SLOAN | Reaping a radical harvest
Several nuggets have been circulating in the news during the past week or so that crystallize, again, the veracity of Richard Weaver’s book-length observation that “ideas have consequences.”
Someone, for instance, had the bright idea a couple years ago that keeping schools shuttered for an extended period of time was a worthy endeavor, indispensable in fighting COVID, and of little consequence. That someone (though she was not alone) was predominantly Randi Weingarten, the neo-Trotskyite head of the American Federation of Teachers. She strove ferociously against opening schools up for classroom instruction many months after it was abundantly clear that about the only thing inconsequential about that policy was its impact on the spread of COVID.
The National Assessment of Educational Progress (NAEP) released their 2022 student test scores last week, which put an empirical punctuation on that particular left-wing failure. The numbers are as depressing as one would expect: math scores among average nine-year-olds saw the biggest drop since the scores starting being recorded in 1973 — 7 percentage points since pre-pandemic 2020; reading scores among the same group fell by 5 points, the largest margin since 1990, erasing three decades worth of (still modest) literacy gains. That loss, though experienced across all socio-economic strata, was particularly acute among lower-income and minority students.
Predictably, the liberal educational autocracy tried to either downplay the results, or conjure up a host of alternative explanations, blaming everything from staff shortages and cyber bullying to school shootings for the score declines, everything except the most obvious disruption — Weingarten and other union leaders demanding that schools remain closed, and the local school boards and governments who placated them. In retrospect, probably the best thing for American education in the last two years (aside, of course, from a workable voucher system) would have been for Weingarten to stay home and not do her job, rather than try to tell her members not to.
It needs to be added that the prolonged school shutdowns, the absurdity of which the NAEP test scores highlight, signify only an acute part of the more intrinsic problem facing public education. Much has been, can and will be written on the subject, but public education has for decades now faced a crisis, the victim of a liberal faith in the magical properties of public education to impose an egalitarian homogeneity on society, which has translated into public schools being the instruments of achieving the lowest common denominator.
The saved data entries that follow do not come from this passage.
(* Let $G:[0,\infty)\to\mathbb{C}$ be continuous, let $H_S^{(0)},H_S^{(2)}$ be Hermitian $N\times N$ matrices, $\lambda>0$, and let $W_\lambda(t)=V_\lambda(\lambda^{-2}t)$, where $V_\lambda$ is the $N\times N$ matrix-valued solution of $$\frac{d}{dt}V_\lambda(t)=-\lambda^2\int_0^t ds\,G(t-s)\,e^{i(H_S^{(0)}+\lambda^2H_S^{(2)})(t-s)}V_\lambda(s),\qquad V_\lambda(0)=I.$$ Define the Laplace transforms $\tilde W_\lambda(p)=\int_0^\infty e^{-pt}W_\lambda(t)\,dt$ and $\tilde G(p)=\int_0^\infty e^{-pt}G(t)\,dt$. Then (for $p$ at which the Laplace integrals involved converge) $$\tilde W_\lambda(p)=\Big(p+\tilde G\big(-iH_S^{(0)}+\lambda^2(p-iH_S^{(2)})\big)\Big)^{-1}.$$ Here the matrix function is defined through the Hermitian matrix $H_S=H_S^{(0)}+\lambda^2H_S^{(2)}$: if $H_S=U\,\mathrm{diag}\{E_\alpha\}U^\dagger$ with $U$ unitary, then $$\Big(p+\tilde G(-iH_S+\lambda^2p)\Big)^{-1}=U\,\mathrm{diag}\Big\{\frac{1}{p+\tilde G(-iE_\alpha+\lambda^2p)}\Big\}U^\dagger.$$ *)

theory Defs
  imports "HOL-Analysis.Analysis"
begin

definition cscale :: "complex \<Rightarrow> complex^'n^'m \<Rightarrow> complex^'n^'m" where
  "cscale c A = (\<chi> i j. c * A $ i $ j)"

definition adjoint_mat :: "complex^'n^'m \<Rightarrow> complex^'m^'n" where
  "adjoint_mat A = (\<chi> i j. cnj (A $ j $ i))"

definition hermitian_mat :: "complex^'n^'n \<Rightarrow> bool" where
  "hermitian_mat A \<longleftrightarrow> adjoint_mat A = A"

definition unitary_mat :: "complex^'n^'n \<Rightarrow> bool" where
  "unitary_mat U \<longleftrightarrow> adjoint_mat U ** U = mat 1 \<and> U ** adjoint_mat U = mat 1"

definition diag_mat :: "('n \<Rightarrow> complex) \<Rightarrow> complex^'n^'n" where
  "diag_mat d = (\<chi> i j. if i = j then d i else 0)"

definition mat_pow :: "complex^'n^'n \<Rightarrow> nat \<Rightarrow> complex^'n^'n" where
  "mat_pow A k = ((\<lambda>B. A ** B) ^^ k) (mat 1)"

definition mat_exp :: "complex^'n^'n \<Rightarrow> complex^'n^'n" where
  "mat_exp A = (\<Sum>k. (1 / fact k) *\<^sub>R mat_pow A k)"

definition laplace :: "(real \<Rightarrow> complex) \<Rightarrow> complex \<Rightarrow> complex" where
  "laplace f z = integral {0..} (\<lambda>t. exp (- (z * of_real t)) * f t)"

definition laplace_mat :: "(real \<Rightarrow> complex^'n^'n) \<Rightarrow> complex \<Rightarrow> complex^'n^'n" where
  "laplace_mat F z = integral {0..} (\<lambda>t. cscale (exp (- (z * of_real t))) (F t))"

end

(*
  Conjugating by the unitary U that diagonalises H_S = H0 + lam^2 H2 decouples the matrix
  Volterra equation: the entries x of row a of U^* V(t) solve the scalar equation
  x'(t) = - lam^2 * int_0^t k(t - s) x(s) ds with kernel k(t) = G(t) exp(i E_a t).
  Laplace transforming it (the transform of a causal convolution is the product of the
  transforms, and a function that is integrable on [0, oo) and has a limit at oo tends to 0)
  gives (q + lam^2 k~(q)) x~(q) = x(0) with k~(q) = G~(q - i E_a); the time change
  W(t) = V(t / lam^2) turns q into lam^2 p. Hence U^* W~(p) = diag(1 / (p + G~(-i E_a + lam^2 p))) U^*,
  and no denominator vanishes because U^* has no zero row.
*)
theory Submission
  imports Defs
begin

section \<open>Integrals on a half-line\<close>

lemma continuous_absolutely_integrable_on_lborel:
  fixes h :: "real \<Rightarrow> 'a::euclidean_space"
  assumes S: "S \<in> sets borel" and h: "continuous_on S h" "h absolutely_integrable_on S"
  shows "(\<lambda>s. indicator S s *\<^sub>R h s) \<in> borel_measurable lborel"
    and "integrable lborel (\<lambda>s. indicator S s *\<^sub>R h s)"
    and "(\<integral>s. indicator S s *\<^sub>R h s \<partial>lborel) = integral S h"
proof -
  show meas: "(\<lambda>s. indicator S s *\<^sub>R h s) \<in> borel_measurable lborel"
    using borel_measurable_continuous_on_indicator[OF S h(1)] by simp
  show "integrable lborel (\<lambda>s. indicator S s *\<^sub>R h s)"
    using h(2) integrable_completion[OF meas] by (simp add: set_integrable_def)
  have "integral S h = (LINT x:S|lebesgue. h x)"
    using set_lebesgue_integral_eq_integral(2)[OF h(2)] by simp
  then show "(\<integral>s. indicator S s *\<^sub>R h s \<partial>lborel) = integral S h"
    unfolding set_lebesgue_integral_def using integral_completion[OF meas] by simp
qed

lemma tendsto_integral_Icc_at_top:
  fixes f :: "real \<Rightarrow> 'a::euclidean_space"
  assumes "f absolutely_integrable_on {a..}"
  shows "((\<lambda>b. integral {a..b} f) \<longlongrightarrow> integral {a..} f) at_top"
proof -
  have "((\<lambda>b. LINT x:{a..b}|lebesgue. f x) \<longlongrightarrow> integral {a..} f) at_top"
    using tendsto_set_lebesgue_integral_at_top[OF _ assms]
    by (simp add: set_lebesgue_integral_eq_integral(2)[OF assms])
  moreover have "f absolutely_integrable_on {a..b}" for b
    by (rule set_integrable_subset[OF assms]) auto
  then have "eventually (\<lambda>b. (LINT x:{a..b}|lebesgue. f x) = integral {a..b} f) at_top"
    by (simp add: set_lebesgue_integral_eq_integral)
  ultimately show ?thesis
    by (rule Lim_transform_eventually)
qed

lemma absolutely_integrable_limit_at_top:
  fixes f :: "real \<Rightarrow> 'a::euclidean_space"
  assumes int: "f absolutely_integrable_on {a..}" and lim: "(f \<longlongrightarrow> L) at_top"
  shows "L = 0"
proof (rule ccontr)
  assume "L \<noteq> 0"
  then have "norm L / 2 < norm L" by simp
  with tendsto_norm[OF lim] have "eventually (\<lambda>x. norm L / 2 < norm (f x)) at_top"
    by (rule order_tendstoD)
  then obtain T where T: "\<And>x. x \<ge> T \<Longrightarrow> norm L / 2 < norm (f x)"
    by (auto simp: eventually_at_top_linorder)
  define B where "B = integral {a..} (\<lambda>x. norm (f x))"
  define c where "c = max T a"
  define d where "d = c + 2 * \<bar>B\<bar> / norm L + 1"
  have "c \<le> d"
    by (simp add: d_def)
  have norm_int: "(\<lambda>x. norm (f x)) integrable_on {a..}"
    using int absolutely_integrable_on_def by blast
  have norm_int_cd: "(\<lambda>x. norm (f x)) integrable_on {c..d}"
    using set_integrable_subset[OF int, of "{c..d}"] absolutely_integrable_on_def
    by (auto simp: c_def)
  then have "(d - c) * (norm L / 2) \<le> integral {c..d} (\<lambda>x. norm (f x))"
    using integral_le[of "\<lambda>x. norm L / 2" "{c..d}" "\<lambda>x. norm (f x)"] T \<open>c \<le> d\<close>
    by (auto simp: c_def less_imp_le)
  also have "\<dots> \<le> B"
    unfolding B_def
    by (rule integral_subset_le) (use norm_int_cd norm_int in \<open>auto simp: c_def\<close>)
  finally have "(d - c) * (norm L / 2) \<le> B" .
  moreover have "(d - c) * (norm L / 2) = \<bar>B\<bar> + norm L / 2"
    using \<open>L \<noteq> 0\<close> by (simp add: d_def field_simps)
  moreover have "B \<le> \<bar>B\<bar>" "norm L > 0"
    using \<open>L \<noteq> 0\<close> by auto
  ultimately show False
    by linarith
qed

lemma integral_Ici_vector_derivative:
  fixes f f' :: "real \<Rightarrow> 'a::euclidean_space"
  assumes deriv: "\<And>t. t \<ge> a \<Longrightarrow> (f has_vector_derivative f' t) (at t within {a..})"
    and f: "f absolutely_integrable_on {a..}" and f': "f' absolutely_integrable_on {a..}"
  shows "integral {a..} f' = - f a"
proof -
  have ftc: "f b = f a + integral {a..b} f'" if "a \<le> b" for b
  proof -
    have "(f' has_integral (f b - f a)) {a..b}"
      by (rule fundamental_theorem_of_calculus[OF that])
        (auto intro: has_vector_derivative_within_subset[OF deriv])
    then show ?thesis
      by (simp add: integral_unique)
  qed
  have "eventually (\<lambda>b. f a + integral {a..b} f' = f b) at_top"
    using eventually_ge_at_top[of a] by eventually_elim (metis ftc)
  with tendsto_add[OF tendsto_const tendsto_integral_Icc_at_top[OF f']]
  have "(f \<longlongrightarrow> f a + integral {a..} f') at_top"
    by (rule Lim_transform_eventually)
  from absolutely_integrable_limit_at_top[OF f this] show ?thesis
    by (simp add: add_eq_0_iff)
qed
The failures of this are steady, gradual and pernicious; the failures of abiding by union dictates to keep schools closed was naturally more acute, but merely a symptom of a greater disease.
The failures of other left-wing experiments are not difficult to spot, the most immediate being in the area of crime. Here again, the statistics put an empirical point on the real-world experience of increased violence, theft, drug use and disorder that plague virtually every major U.S. city, Denver quite conspicuous in not being an exception. Here we see the results of liberal “justice reform” experimentation playing out in the highest rate of car thefts in the nation, a tragic increase in fentanyl (and other drug) overdoses, street violence and property crime rates increasing; virtually every measurement of criminal disorder one can come up with paints a grim, dangerous picture. And yet we still are subject to railings about the police use of force, the indignity of incarceration for offenders, the injustice of pre-trial detention — and now we must even watch absurdities like the city of Portland, Oregon. Portland embraced some of the most preposterous anti-law enforcement policies in the nation, and countenanced lawlessness to an egregious degree. It’s outmatched only by Seattle’s surrendering of part of its city to a criminal insurgency.
The failures in energy policy are just as obvious. Here, we start to see the starkness of reality setting in. Not in California, of course, where the push for electrification and the imposition of impossible renewable mandates has resulted in entirely predictable and preventable blackouts — but in Germany, where the realization that at least 80% of electricity has to come from either nuclear power or fossil fuels has prompted the relentlessly Green government to hold off on abandoning the country’s nuclear program and keep three of its plants operating. This after they quietly resumed importing coal.
Small steps, but hopeful. As was Chileans’ overwhelming rejection of a proposed new constitution that looked like something that would be drawn up if you put Karl Marx, Anton Lavay and Timothy Leary (on his less coherent days) in a room together. Such events fuel faith that reality does indeed have a way of catching up, even politically.
Kelly Sloan is a political and public affairs consultant and a recovering journalist based in Denver.